(* Let $L$ be a lattice with almost permutable congruences. Then $\operatorname{Con}_c L$ satisfies $\mathrm{URP}_1^-$ at every principal congruence $\Theta_L(u,v)$, $u,v\in L$.
   Context: Two congruences $\alpha,\beta$ of a lattice are almost permutable if $\alpha\vee\beta=\alpha\beta\cup\beta\alpha$, where $\alpha\beta=\{(x,y): \exists z,\ (x,z)\in\alpha,\ (z,y)\in\beta\}$; $L$ has almost permutable congruences if any two of its congruences are almost permutable. $\operatorname{Con}_c L$ is the $\{\vee,0\}$-semilattice of compact congruences of $L$, and $\Theta_L(u,v)$ is the least congruence identifying $u,v$. Let $S$ be a join-semilattice, $\varepsilon\in S$, and $\sigma=((\alpha_i,\beta_i))_{i\in I}$ a family in $S\times S$ with $\alpha_i\vee\beta_i=\varepsilon$ for all $i$. $S$ satisfies $\mathrm{URP}_1^-$ at $\sigma$ if there exist a subset $X\subseteq I$, a family $((\alpha_i^*,\beta_i^* ))_{i\in I}$ in $S\times S$ and a family $(\gamma_{i,j})_{(i,j)\in I\times I}$ in $S$ such that: (i) $\alpha_i^*\leq\alpha_i$, $\beta_i^*\leq\beta_i$, $\alpha_i^*\vee\beta_i^*=\varepsilon$ for all $i$; (ii) $\gamma_{i,j}\leq\alpha_i^*$ and $\gamma_{i,j}\leq\beta_j^*$ for all $i,j$; (iii) $\alpha_i^*\leq\alpha_j^*\vee\gamma_{i,j}$ and $\beta_j^*\leq\beta_i^*\vee\gamma_{i,j}$ for all $i,j$; (iv) $\gamma_{i,k}\leq\gamma_{i,j}\vee\gamma_{j,k}$ for all $i,j,k\in I$ such that ($\{i,k\}\subseteq X\Rightarrow j\in X$) and ($\{i,k\}\subseteq I\setminus X\Rightarrow j\in I\setminus X$). $S$ satisfies $\mathrm{URP}_1^-$ at $\varepsilon$ if it satisfies $\mathrm{URP}_1^-$ at every such family $\sigma$ with $\alpha_i\vee\beta_i=\varepsilon$ for all $i$. *)

theory Defs
  imports Main
begin

definition lattice_cong :: "('a::lattice \<times> 'a) set \<Rightarrow> bool" where
  "lattice_cong \<theta> \<longleftrightarrow> equiv UNIV \<theta> \<and>
     (\<forall>a b c d. (a, b) \<in> \<theta> \<and> (c, d) \<in> \<theta> \<longrightarrow>
        (sup a c, sup b d) \<in> \<theta> \<and> (inf a c, inf b d) \<in> \<theta>)"

definition Cg :: "('a::lattice \<times> 'a) set \<Rightarrow> ('a \<times> 'a) set" where
  "Cg R = \<Inter>{\<theta>. lattice_cong \<theta> \<and> R \<subseteq> \<theta>}"

definition Theta :: "'a::lattice \<Rightarrow> 'a \<Rightarrow> ('a \<times> 'a) set" where
  "Theta u v = Cg {(u, v)}"

definition cong_join :: "('a::lattice \<times> 'a) set \<Rightarrow> ('a \<times> 'a) set \<Rightarrow> ('a \<times> 'a) set" where
  "cong_join \<alpha> \<beta> = Cg (\<alpha> \<union> \<beta>)"

definition Con_c :: "('a::lattice \<times> 'a) set set" where
  "Con_c = {\<theta>. lattice_cong \<theta> \<and>
     (\<forall>A. (\<forall>\<phi>\<in>A. lattice_cong \<phi>) \<and> \<theta> \<subseteq> Cg (\<Union>A) \<longrightarrow>
        (\<exists>B\<subseteq>A. finite B \<and> \<theta> \<subseteq> Cg (\<Union>B)))}"

definition almost_permutable :: "('a::lattice \<times> 'a) set \<Rightarrow> ('a \<times> 'a) set \<Rightarrow> bool" where
  "almost_permutable \<alpha> \<beta> \<longleftrightarrow> cong_join \<alpha> \<beta> = (\<alpha> O \<beta>) \<union> (\<beta> O \<alpha>)"

definition has_almost_permutable_congruences :: "'a::lattice itself \<Rightarrow> bool" where
  "has_almost_permutable_congruences (_::'a itself) \<longleftrightarrow>
     (\<forall>\<alpha> \<beta> :: ('a \<times> 'a) set. lattice_cong \<alpha> \<and> lattice_cong \<beta> \<longrightarrow> almost_permutable \<alpha> \<beta>)"

text \<open>URP_1^- at a family sigma = ((alpha i, beta i))_{i in I} (with alpha i join beta i = eps)
  in a join-semilattice given by carrier S, join jn and order le: conditions (i)-(iv).\<close>
definition URP1m_at_family ::
  "'s set \<Rightarrow> ('s \<Rightarrow> 's \<Rightarrow> 's) \<Rightarrow> ('s \<Rightarrow> 's \<Rightarrow> bool) \<Rightarrow> 's \<Rightarrow> 'i set \<Rightarrow> ('i \<Rightarrow> 's) \<Rightarrow> ('i \<Rightarrow> 's) \<Rightarrow> bool" where
  "URP1m_at_family S jn le eps I \<alpha> \<beta> \<longleftrightarrow>
     (\<exists>X \<alpha>' \<beta>' \<gamma>. X \<subseteq> I \<and>
       (\<forall>i\<in>I. \<alpha>' i \<in> S \<and> \<beta>' i \<in> S \<and> le (\<alpha>' i) (\<alpha> i) \<and> le (\<beta>' i) (\<beta> i) \<and>
               jn (\<alpha>' i) (\<beta>' i) = eps) \<and>
       (\<forall>i\<in>I. \<forall>j\<in>I. \<gamma> i j \<in> S \<and> le (\<gamma> i j) (\<alpha>' i) \<and> le (\<gamma> i j) (\<beta>' j)) \<and>
       (\<forall>i\<in>I. \<forall>j\<in>I. le (\<alpha>' i) (jn (\<alpha>' j) (\<gamma> i j)) \<and> le (\<beta>' j) (jn (\<beta>' i) (\<gamma> i j))) \<and>
       (\<forall>i\<in>I. \<forall>j\<in>I. \<forall>k\<in>I.
          (({i, k} \<subseteq> X \<longrightarrow> j \<in> X) \<and> ({i, k} \<subseteq> I - X \<longrightarrow> j \<in> I - X)) \<longrightarrow>
          le (\<gamma> i k) (jn (\<gamma> i j) (\<gamma> j k))))"

end

theory Submission
  imports Defs
begin

(* Let a = u \<sqinter> v and b = u \<squnion> v, so that Theta u v = Theta a b.  As \<alpha>_i \<or> \<beta>_i = \<alpha>_i\<beta>_i \<union> \<beta>_i\<alpha>_i,
   the pair (a, b) is linked through some z_i by an \<alpha>_i-step and a \<beta>_i-step in one of the two
   orders, and z_i may be taken in [a, b]; X collects the i whose chain starts with the \<alpha>_i-step.
   The congruences \<alpha>*_i and \<beta>*_i are the principal congruences of the halves [a, z_i] and [z_i, b]
   that lie in \<alpha>_i and \<beta>_i, and \<gamma>_i_j is the principal congruence of an interval cut out of [a, b]
   by z_i and z_j.  Every inclusion demanded by URP_1^- is then between principal congruences of
   subintervals of [a, b], and amounts to an implication between inequalities in the quotient
   lattice L/\<theta>, for an arbitrary congruence \<theta>. *)

unbundle lattice_syntax

lemma lattice_congI:
  assumes "\<And>x. (x, x) \<in> \<theta>"
    and "\<And>x y. (x, y) \<in> \<theta> \<Longrightarrow> (y, x) \<in> \<theta>"
    and "\<And>x y z. (x, y) \<in> \<theta> \<Longrightarrow> (y, z) \<in> \<theta> \<Longrightarrow> (x, z) \<in> \<theta>"
    and "\<And>a b c d. (a, b) \<in> \<theta> \<Longrightarrow> (c, d) \<in> \<theta> \<Longrightarrow> (a \<squnion> c, b \<squnion> d) \<in> \<theta>"
    and "\<And>a b c d. (a, b) \<in> \<theta> \<Longrightarrow> (c, d) \<in> \<theta> \<Longrightarrow> (a \<sqinter> c, b \<sqinter> d) \<in> \<theta>"
  shows "lattice_cong \<theta>"
  unfolding lattice_cong_def equiv_def
proof (intro conjI allI impI)
  show "refl_on UNIV \<theta>" by (rule refl_onI) (simp_all add: assms(1))
  show "sym \<theta>" by (rule symI) (rule assms(2))
  show "trans \<theta>" by (rule transI) (rule assms(3))
qed (auto intro: assms(4,5))

(* x \<le> y in the quotient lattice L/\<theta>. *)
definition cong_le :: "('a::lattice \<times> 'a) set \<Rightarrow> 'a \<Rightarrow> 'a \<Rightarrow> bool" where
  "cong_le \<theta> x y \<longleftrightarrow> (x, x \<sqinter> y) \<in> \<theta>"

context
  fixes \<theta> :: "('a::lattice \<times> 'a) set"
  assumes cong: "lattice_cong \<theta>"
begin

lemma lattice_cong_refl: "(x, x) \<in> \<theta>"
  using cong unfolding lattice_cong_def equiv_def refl_on_def by blast

lemma lattice_cong_sym: "(x, y) \<in> \<theta> \<Longrightarrow> (y, x) \<in> \<theta>"
  using cong unfolding lattice_cong_def equiv_def sym_def by blast

lemma lattice_cong_trans: "(x, y) \<in> \<theta> \<Longrightarrow> (y, z) \<in> \<theta> \<Longrightarrow> (x, z) \<in> \<theta>"
  using cong unfolding lattice_cong_def equiv_def trans_def by blast

lemma lattice_cong_sup: "(a, b) \<in> \<theta> \<Longrightarrow> (c, d) \<in> \<theta> \<Longrightarrow> (a \<squnion> c, b \<squnion> d) \<in> \<theta>"
  using cong unfolding lattice_cong_def by blast

lemma lattice_cong_inf: "(a, b) \<in> \<theta> \<Longrightarrow> (c, d) \<in> \<theta> \<Longrightarrow> (a \<sqinter> c, b \<sqinter> d) \<in> \<theta>"
  using cong unfolding lattice_cong_def by blast

lemma lattice_cong_inf_left: "(x, y) \<in> \<theta> \<Longrightarrow> (c \<sqinter> x, c \<sqinter> y) \<in> \<theta>"
  by (rule lattice_cong_inf[OF lattice_cong_refl])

§ Required work
In the answer, include exactly the lines from the line containing "using cong unfolding lattice_cong_def equiv_def sym_def" through the end of the data, and nothing else.

§ Task solution
  using cong unfolding lattice_cong_def equiv_def sym_def by blast

lemma lattice_cong_trans: "(x, y) \<in> \<theta> \<Longrightarrow> (y, z) \<in> \<theta> \<Longrightarrow> (x, z) \<in> \<theta>"
  using cong unfolding lattice_cong_def equiv_def trans_def by blast

lemma lattice_cong_sup: "(a, b) \<in> \<theta> \<Longrightarrow> (c, d) \<in> \<theta> \<Longrightarrow> (a \<squnion> c, b \<squnion> d) \<in> \<theta>"
  using cong unfolding lattice_cong_def by blast

lemma lattice_cong_inf: "(a, b) \<in> \<theta> \<Longrightarrow> (c, d) \<in> \<theta> \<Longrightarrow> (a \<sqinter> c, b \<sqinter> d) \<in> \<theta>"
  using cong unfolding lattice_cong_def by blast

lemma lattice_cong_inf_left: "(x, y) \<in> \<theta> \<Longrightarrow> (c \<sqinter> x, c \<sqinter> y) \<in> \<theta>"
  by (rule lattice_cong_inf[OF lattice_cong_refl])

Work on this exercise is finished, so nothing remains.